Records from a data collection
= = = = =

lemma nth_insert_at:
  "p \<le> length w \<Longrightarrow> i < Suc (length w) \<Longrightarrow>
   insert_at p x w ! i = (if i < p then w!i else if i = p then x else w!(i-1))"
  by (auto simp: insert_at_def nth_append nth_Cons' min_def)

text \<open>After inserting a letter at gap p, the letter at position i of the old word sits
  at position skip p i of the new word.\<close>
definition skip :: "nat \<Rightarrow> nat \<Rightarrow> nat" where
  "skip p i = (if i < p then i else Suc i)"

lemma skip_less_iff: "skip p i < skip p j \<longleftrightarrow> i < j"
  by (simp add: skip_def)

lemma skip_bound: "p \<le> n \<Longrightarrow> skip p i < Suc n \<longleftrightarrow> i < n"
  by (simp add: skip_def)

lemma skip_cases:
  assumes "i \<noteq> p"
  obtains i' where "i = skip p i'"
proof
  show "i = skip p (if i < p then i else i - 1)" using assms by (auto simp: skip_def)
qed

lemma Suc_skip: "Suc j \<noteq> p \<Longrightarrow> Suc (skip p j) = skip p (Suc j)"
  by (simp add: skip_def)

lemma nth_insert_at_skip: "p \<le> length w \<Longrightarrow> i < length w \<Longrightarrow> insert_at p x w ! skip p i = w ! i"
  by (simp add: nth_insert_at skip_def)

lemma nth_insert_at_gap: "p \<le> length w \<Longrightarrow> insert_at p x w ! p = x"
  by (simp add: nth_insert_at)
(* For every integer $n\ge0$, the real vector space $\operatorname{Infr}_n$ of inframonogenic homogeneous polynomials of degree $n$ has dimension $6n+3$ over $\mathbb{R}$.
   Context: $\mathbb{H}$ denotes the real quaternions with basis $e_0=1,e_1,e_2,e_3$ and $e_1^2=e_2^2=e_3^2=e_1e_2e_3=-1$; $\mathbb{R}^3$ is identified with the reduced quaternions $x_0+x_1e_1+x_2e_2$. $\operatorname{Infr}_n$ is the set of functions $f=f_0+f_1e_1+f_2e_2$ where each $f_i$ is a real homogeneous polynomial of degree $n$ in $x_0,x_1,x_2$, such that $\overline{\partial} f\overline{\partial}=0$. Here, with $\partial_i=\partial/\partial x_i$, $\overline{\partial} g=\partial_0 g+e_1\partial_1 g+e_2\partial_2 g$ (left action), $g\overline{\partial}=\partial_0 g+(\partial_1 g)e_1+(\partial_2 g)e_2$ (right action), and $\overline{\partial} f\overline{\partial}:=\overline{\partial}(f\overline{\partial})$. *)

theory Defs
  imports "HOL-Analysis.Analysis" "HOL-Library.Function_Algebras"
begin

text \<open>Real quaternions q0 + q1 e1 + q2 e2 + q3 e3 with the Hamilton product
  (e1^2 = e2^2 = e3^2 = e1 e2 e3 = -1).\<close>
datatype quat = Q (q0: real) (q1: real) (q2: real) (q3: real)

definition qadd :: "quat \<Rightarrow> quat \<Rightarrow> quat" where
  "qadd a b = Q (q0 a + q0 b) (q1 a + q1 b) (q2 a + q2 b) (q3 a + q3 b)"

definition qscale :: "real \<Rightarrow> quat \<Rightarrow> quat" where
  "qscale r a = Q (r * q0 a) (r * q1 a) (r * q2 a) (r * q3 a)"

definition qmul :: "quat \<Rightarrow> quat \<Rightarrow> quat" where
  "qmul a b = Q
     (q0 a * q0 b - q1 a * q1 b - q2 a * q2 b - q3 a * q3 b)
     (q0 a * q1 b + q1 a * q0 b + q2 a * q3 b - q3 a * q2 b)
     (q0 a * q2 b - q1 a * q3 b + q2 a * q0 b + q3 a * q1 b)
     (q0 a * q3 b + q1 a * q2 b - q2 a * q1 b + q3 a * q0 b)"

definition qe1 :: quat where "qe1 = Q 0 1 0 0"
definition qe2 :: quat where "qe2 = Q 0 0 1 0"

type_synonym pt = "real \<times> real \<times> real"

definition qderiv :: "(real \<Rightarrow> quat) \<Rightarrow> real \<Rightarrow> quat" where
  "qderiv g t = Q (deriv (\<lambda>s. q0 (g s)) t) (deriv (\<lambda>s. q1 (g s)) t)
                  (deriv (\<lambda>s. q2 (g s)) t) (deriv (\<lambda>s. q3 (g s)) t)"

definition pd0 :: "(pt \<Rightarrow> quat) \<Rightarrow> pt \<Rightarrow> quat" where
  "pd0 g x = (case x of (a, b, c) \<Rightarrow> qderiv (\<lambda>t. g (t, b, c)) a)"
definition pd1 :: "(pt \<Rightarrow> quat) \<Rightarrow> pt \<Rightarrow> quat" where
  "pd1 g x = (case x of (a, b, c) \<Rightarrow> qderiv (\<lambda>t. g (a, t, c)) b)"
definition pd2 :: "(pt \<Rightarrow> quat) \<Rightarrow> pt \<Rightarrow> quat" where
  "pd2 g x = (case x of (a, b, c) \<Rightarrow> qderiv (\<lambda>t. g (a, b, t)) c)"
lemma (in group) solvable_normal_contains_abelian_normal:
  assumes "M \<lhd> G" and "solvable_seq G M" and "M \<noteq> {\<one>}"
  shows "\<exists>B. B \<lhd> G \<and> B \<subseteq> M \<and> B \<noteq> {\<one>} \<and> (\<forall>a\<in>B. \<forall>b\<in>B. a \<otimes> b = b \<otimes> a)"
proof -
  obtain n where "(derived G ^^ n) M = {\<one>}"
    using solvable_imp_trivial_derived_seq[OF assms(2)] by blast
  with assms(1,3) show ?thesis
  proof (induction n arbitrary: M)
    case 0
    then show ?case by simp
  next
    case (Suc n)
    have M: "subgroup M G" using Suc.prems(1) normal_imp_subgroup by blast
    show ?case
    proof (cases "derived G M = {\<one>}")
      case True
      have "a \<otimes> b = b \<otimes> a" if "a \<in> M" "b \<in> M" for a b
      proof (rule commutator_eq_one_imp_commute)
        show "a \<in> carrier G" "b \<in> carrier G" using that subgroup.mem_carrier[OF M] by auto
        have "a \<otimes> b \<otimes> inv a \<otimes> inv b \<in> derived G M"
          unfolding derived_def using that by (blast intro: generate.incl)
        with True show "a \<otimes> b \<otimes> inv a \<otimes> inv b = \<one>" by blast
      qed
      with Suc.prems show ?thesis by blast
    next
      case False
      have "(derived G ^^ n) (derived G M) = {\<one>}"
        using Suc.prems(3) by (simp only: funpow_Suc_right comp_apply)
      then obtain B where "B \<lhd> G" "B \<subseteq> derived G M" "B \<noteq> {\<one>}" "\<forall>a\<in>B. \<forall>b\<in>B. a \<otimes> b = b \<otimes> a"
        using Suc.IH[OF derived_is_normal[OF Suc.prems(1)] False] by blast
      moreover have "derived G M \<subseteq> M" using derived_incl[OF order_refl M] .
      ultimately show ?thesis by blast
    qed
  qed
qed

lemma (in group) conj_nat_pow:
  assumes "g \<in> carrier G" and "x \<in> carrier G"
  shows "(g \<otimes> x \<otimes> inv g) [^] (n::nat) = g \<otimes> x [^] n \<otimes> inv g"
proof (induction n)
  case (Suc n)
  then show ?case using assms by (simp add: m_assoc inv_solve_left')
qed (use assms in simp)
text \<open>
  The argument is the soft-covering (channel resolvability) estimate with a second-moment
  bound, in which the Renyi entropy of order two of the randomisation index \<open>K\<close> replaces the
  usual randomisation rate.
  \<^item> For a fixed codebook, \<open>(M, Z\<^sup>n)\<close> is a labelled mixture; its distance to \<open>p\<^sub>M p\<^sub>Z\<close> is
    at most twice the mean deviation of the output laws \<open>Z\<^sup>n | M = m\<close> from any reference law.
    Taking as reference the ideal outputs \<open>V\<^sup>n(\<cdot>|U\<^sup>n(m0))\<close> reduces the leakage to the
    deviation of each sub-codebook \<open>{X\<^sup>n(m0, m, k)}\<^sub>k\<close>, weighted by \<open>p\<^sub>K\<close>, from
    \<open>V\<^sup>n(\<cdot>|U\<^sup>n(m0))\<close>.
  \<^item> Averaged over the random codebook, every sub-codebook is an i.i.d. family superposed on
    an i.i.d. \<open>U\<close>-word, so all these deviations have the same expectation.
  \<^item> Truncating \<open>W\<^sup>n\<close> at \<open>2 powr T * V\<^sup>n\<close>, Cauchy--Schwarz bounds the typical part by
    \<open>sqrt (2 powr T * \<Sum>\<^sub>k p\<^sub>K(k)\<^sup>2) = sqrt (2 powr (T - R\<^sub>2(K)))\<close>, and a Chernoff bound
    controls the atypical part by \<open>2 powr (-s T) * \<Phi>(s)\<^sup>n\<close>, where \<open>\<Phi>\<close> is the moment
    generating function of the information density.
  \<^item> Near \<open>s = 0\<close>, \<open>\<Phi>(s) \<le> 2 powr (s (I(X;Z|U) + \<delta>))\<close>; with \<open>T = n(I + \<delta>)\<close> and
    \<open>R\<^sub>2(K) \<ge> n(I + 2\<delta>)\<close> both terms decay exponentially.
\<close>

lemma expectation_bind_finite:
  fixes h :: "'b \<Rightarrow> real"
  assumes "finite (set_pmf p)" "\<And>x. x \<in> set_pmf p \<Longrightarrow> finite (set_pmf (f x))"
  shows "measure_pmf.expectation (p \<bind> f) h =
           measure_pmf.expectation p (\<lambda>a. measure_pmf.expectation (f a) h)"
proof -
  have "measure_pmf.expectation (p \<bind> f) h =
          (\<Sum>a\<in>set_pmf p. pmf p a *\<^sub>R measure_pmf.expectation (f a) h)"
    using assms by (intro pmf_expectation_bind) auto
  also have "\<dots> = measure_pmf.expectation p (\<lambda>a. measure_pmf.expectation (f a) h)"
    using assms by (subst integral_measure_pmf[of "set_pmf p"]) auto
  finally show ?thesis .
qed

= = = = =

Report how many lines of the records above contain the word "thesis", and give only that number.

## Exercise result:
4